Monte Verde, distrito do município de Camanducaia, situa-se em região montanhosa do sul do estado de Minas Gerais, a quase 1600 metros de altitude. Os pioneiros são os Grinberg – o casal Verner e Emília –, que veio para os Campos do Jaguari em 1936, em busca de um clima e de uma paisagem semelhantes ao de sua terra natal, a Letônia. Ambos chegaram crianças ao Brasil, em uma leva de imigração do leste europeu, e, ao casar, passaram a lua de mel em Campos do Jordão, quando descobriram que a diversidade geográfica brasileira poderia abrigar um refúgio que os lembrassem o país natal. Monte Verde – com seus ipês, carvalhos, araucárias e cedros, com seus verões amenos e chuvosos e seus invernos frios e pouco secos – lhes pareceu o locus ideal. Então, em terrenos quase inacessíveis montaram sua fazenda. Amigos de origem europeia os seguiram nos anos seguintes, dando origem à vila atual (1).

A primeira vez que fui com minha família a Monte Verde, há quase vinte anos, aproveitamos a oportunidade para visitar o casal Bok, migrantes da Europa central fugidos do comunismo, que moraram em São Paulo durante anos e depois foram se refugiar na região mais fria, que os permitiu viver a velhice em um local que deixava acesa a memória da Tchecoslováquia de suas infâncias. Seu Bok era muito amigo do meu sogro – trabalharam juntos em uma grande multinacional alemã – e foi muito fácil encontrar o casal, primeiro no apiário em uma encosta bem alta, onde o velho mantinha-se ativo economicamente, mas no ritmo adequado a sua condição de aposentado; depois na casa da família, onde a velha preparou quitutes para as crianças.

As duas décadas passadas arrefeceram a amizade. Ao voltar à região, quisemos rever o casal Bok, para restabelecer o contato e comunicar o falecimento do meu sogro. As pistas que tínhamos, mantidas intactas na memória de minha esposa, eram a casa em formato de chalé e as proximidades do cemitério e do hotel Cabeça de Boi. Andamos pelas proximidades e quando já estávamos desistindo de encontrá-los, abriu-se uma porta de um chalé e dele saiu um casal de meia idade, provavelmente curiosos com os forasteiros na rua deserta. Descobrimos na hora que estávamos na frente do local procurado, agora convertida em casa de inverno de um casal paulistano, que o velho tcheco tinha falecido há dois anos, que sua esposa tinha mudado para Ouro Fino, onde mora atualmente com seu filho. Monte Verde já não era mais o refúgio dos Bok.

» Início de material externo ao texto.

(* Let $n\ge1$ be an integer, $0<\alpha\le1$ and $\frac n{n+1}<\beta<\frac{n+\alpha}{n+1}$. Let $E=\{(u_1,\dots,u_n)\in\mathbb{R}^n:|u_i|\le1,\ i=1,\dots,n\}$. Then for each $i=1,\dots,n$ $$B_i:=\int_E\frac{|u_i|^\alpha}{|u_1\cdots u_n(u_1+\dots+u_n)|^\beta}\,du_1\cdots du_n<\infty.$$ *)

theory Defs
  imports "HOL-Analysis.Analysis"
begin

end

theory Submission
  imports Defs
begin

text \<open>
  Put \<open>u\<^sub>n\<^sub>+\<^sub>1 = -(u\<^sub>1 + \<dots> + u\<^sub>n)\<close>, so that the denominator is
  \<open>|u\<^sub>1 \<cdots> u\<^sub>n\<^sub>+\<^sub>1|\<^sup>\<beta>\<close>. Let \<open>M\<close> be the largest of \<open>|u\<^sub>1|, \<dots>, |u\<^sub>n\<^sub>+\<^sub>1|\<close>.
  The remaining \<open>n\<close> numbers are the coordinates of a vector \<open>v\<close> which is either \<open>u\<close>
  itself or \<open>u\<close> with its largest coordinate \<open>u\<^sub>k\<close> replaced by \<open>u\<^sub>n\<^sub>+\<^sub>1\<close>; the latter
  map is a shear and preserves Lebesgue measure. As \<open>|u\<^sub>i|\<^sup>\<alpha> \<le> M\<^sup>\<alpha>\<close> and all \<open>|v\<^sub>j| \<le> M \<le> n\<close>,
  the integrand is at most \<open>n \<Prod>\<^sub>j |v\<^sub>j|\<^sup>-\<^sup>e\<close> with \<open>e = \<beta> + max 0 (\<beta> - \<alpha>) / n\<close>,
  and \<open>e < 1\<close> is exactly the upper bound on \<open>\<beta>\<close>. Hence the integral is at most
  \<open>n (n + 1) (\<integral>\<^sub>-\<^sub>n\<^sup>n |z|\<^sup>-\<^sup>e dz)\<^sup>n < \<infinity>\<close>. The lower bound on \<open>\<beta>\<close> is only used for \<open>\<beta> \<ge> 0\<close>.
\<close>

lemma powr_div_prod_le_prod_powr:
  fixes x :: "'n::finite \<Rightarrow> real" and a M \<alpha> \<beta> :: real
  defines "N \<equiv> real CARD('n)"
  assumes x_pos: "\<And>j. 0 < x j" and x_le: "\<And>j. x j \<le> M"
    and "0 \<le> a" "a \<le> M" "M \<le> N" "0 < \<alpha>" "\<alpha> \<le> 1" "0 \<le> \<beta>"
  shows "a powr \<alpha> / (M * (\<Prod>j\<in>UNIV. x j)) powr \<beta>
           \<le> N * (\<Prod>j\<in>UNIV. x j powr - (\<beta> + max 0 (\<beta> - \<alpha>) / N))"
proof -
  define \<gamma> where "\<gamma> = max 0 (\<beta> - \<alpha>)"
  define \<delta> where "\<delta> = \<alpha> + \<gamma> - \<beta>"
  have N_ge_1: "1 \<le> N" by (simp add: N_def Suc_le_eq)
  have M_pos: "0 < M" using x_pos x_le by (meson less_le_trans)
  have \<delta>: "0 \<le> \<delta>" "\<delta> \<le> 1" using assms(6-9) by (auto simp: \<delta>_def \<gamma>_def)
  have "M powr \<delta> \<le> N powr \<delta>" using \<delta> M_pos \<open>M \<le> N\<close> by (intro powr_mono2) auto
  also have "\<dots> \<le> N" using \<delta> N_ge_1 powr_mono[of \<delta> 1 N] by simp
  finally have M_\<delta>: "M powr \<delta> \<le> N" .
  have "M powr (- \<gamma>) = (\<Prod>j\<in>(UNIV::'n set). M powr (- \<gamma> / N))"
    using M_pos N_ge_1 by (simp add: N_def powr_power)
  also have "\<dots> \<le> (\<Prod>j\<in>UNIV. x j powr (- \<gamma> / N))"
    using x_pos x_le N_ge_1 by (intro prod_mono) (auto intro!: powr_mono2' simp: \<gamma>_def)
  finally have M_\<gamma>: "M powr (- \<gamma>) \<le> (\<Prod>j\<in>UNIV. x j powr (- \<gamma> / N))" .
  have "a powr \<alpha> \<le> M powr \<alpha>" using assms(4,5,7) by (intro powr_mono2) auto
  also have "\<dots> = M powr \<delta> * M powr (- \<gamma>) * M powr \<beta>" by (simp add: \<delta>_def powr_add[symmetric])
  also have "\<dots> \<le> N * (\<Prod>j\<in>UNIV. x j powr (- \<gamma> / N)) * M powr \<beta>"
    using M_\<delta> M_\<gamma> N_ge_1 by (intro mult_right_mono mult_mono) auto
  finally have num: "a powr \<alpha> \<le> N * (\<Prod>j\<in>UNIV. x j powr (- \<gamma> / N)) * M powr \<beta>" .
  have den: "(M * (\<Prod>j\<in>UNIV. x j)) powr \<beta> = M powr \<beta> * (\<Prod>j\<in>UNIV. x j powr \<beta>)"
    using M_pos x_pos by (simp add: powr_mult prod_powr_distrib prod_pos)
  have "a powr \<alpha> / (M * (\<Prod>j\<in>UNIV. x j)) powr \<beta>
      \<le> N * (\<Prod>j\<in>UNIV. x j powr (- \<gamma> / N)) * M powr \<beta> / (M powr \<beta> * (\<Prod>j\<in>UNIV. x j powr \<beta>))"
    unfolding den using num M_pos x_pos by (intro divide_right_mono) (simp_all add: prod_nonneg)
  also have "\<dots> = N * (\<Prod>j\<in>UNIV. x j powr (- \<gamma> / N) * x j powr - \<beta>)"
    using M_pos x_pos by (simp add: prod.distrib powr_minus_divide prod_dividef)
  finally show ?thesis by (simp add: \<gamma>_def powr_add[symmetric] algebra_simps)
qed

Mas também não é mais refúgio dos letões, russos, tchecos e demais migrantes do leste europeu... A primeira geração foi dizimada pelo tempo e os poucos que restam já não são os maiores protagonistas do cotidiano local. Seus filhos e netos aos poucos se acostumaram, em um primeiro momento, a conviver com moradores de cidades maiores – São Paulo, em especial, devido à proximidade – que compraram terrenos para construir casas de final de semana. Depois, em um segundo momento, a dividir os espaços com levas crescentes de turistas.

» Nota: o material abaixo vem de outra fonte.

section \<open>Evaluation of the Artin-Hasse series\<close>

lemma artin_hasse_eval_approx:
  assumes "fps_val_eval v (artin_hasse_fps p) x w" and "ereal e \<le> v x" and "0 \<le> e"
  shows "ereal (2 * e) \<le> v (w - 1 - x)"
proof -
  define S where "S N = (\<Sum>k<N. of_rat (artin_hasse_fps p $ k) * x ^ k)" for N
  obtain N0 where N0: "\<And>N. N \<ge> N0 \<Longrightarrow> ereal (2 * e) \<le> v (S N - w)"
    using assms(1) unfolding fps_val_eval_def val_sums_def val_tendsto_def S_def by blast
  define N where "N = max N0 2"
  have "{..<N} = insert 0 (insert 1 {2..<N})"
    by (auto simp: N_def)
  then have "S N - 1 - x = (\<Sum>k\<in>{2..<N}. of_rat (artin_hasse_fps p $ k) * x ^ k)"
    by (simp add: S_def artin_hasse_fps_nth_1[unfolded One_nat_def])
  moreover have "ereal (2 * e) \<le> v (\<Sum>k\<in>{2..<N}. of_rat (artin_hasse_fps p $ k) * x ^ k)"
  proof (rule val_sum_ge)
    fix k
    assume "k \<in> {2..<N}"
    then have "2 * e \<le> 0 + real k * e"
      using assms(3) by (simp add: mult_right_mono)
    moreover have "ereal (0 + real k * e) \<le> v (of_rat (artin_hasse_fps p $ k) * x ^ k)"
      using artin_hasse_p_integral assms(2)
      by (intro val_mult_ge val_power_ge) (auto simp: p_integral_fps_def zero_ereal_def)
    ultimately show "ereal (2 * e) \<le> v (of_rat (artin_hasse_fps p $ k) * x ^ k)"
      by (meson ereal_less_eq(3) order_trans)
  qed
  moreover have "ereal (2 * e) \<le> v (S N - w)"
    by (rule N0) (simp add: N_def)
  moreover have "w - 1 - x = (S N - 1 - x) - (S N - w)"
    by simp
  ultimately show ?thesis
    by (metis val_diff_ge)
qed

A rua central da vila hoje pouco mantém do aspecto original, pois se converteu em uma sucessão de restaurantes, cafés, lojas de produtos artesanais e pequenos shoppings centers. A localidade se ajustou ao turismo, dele tira seu sustento. Por todo lado se constata isso: aluguel de cavalos, bicicletas e quadrimotores; passeios pela região em ônibus turísticos abertos; programas de aventuras em trilhas e pequenos rios da região; cafés em mirantes naturais; hotéis e pousadas espalhados pelos quatro quadrantes nas imediações do centro. O turismo, dessa forma, cumpre seu papel homogeneizador, suprimindo aos poucos da cultura local seus aspectos pitorescos e seu caráter original estrangeiro. A arquitetura falsa e pouco inspiradora colaborou para isso. Restou a paisagem natural, em grande parte preservada; e o clima, ameno no verão e frio no inverno, suficiente para os vinhos e fondues.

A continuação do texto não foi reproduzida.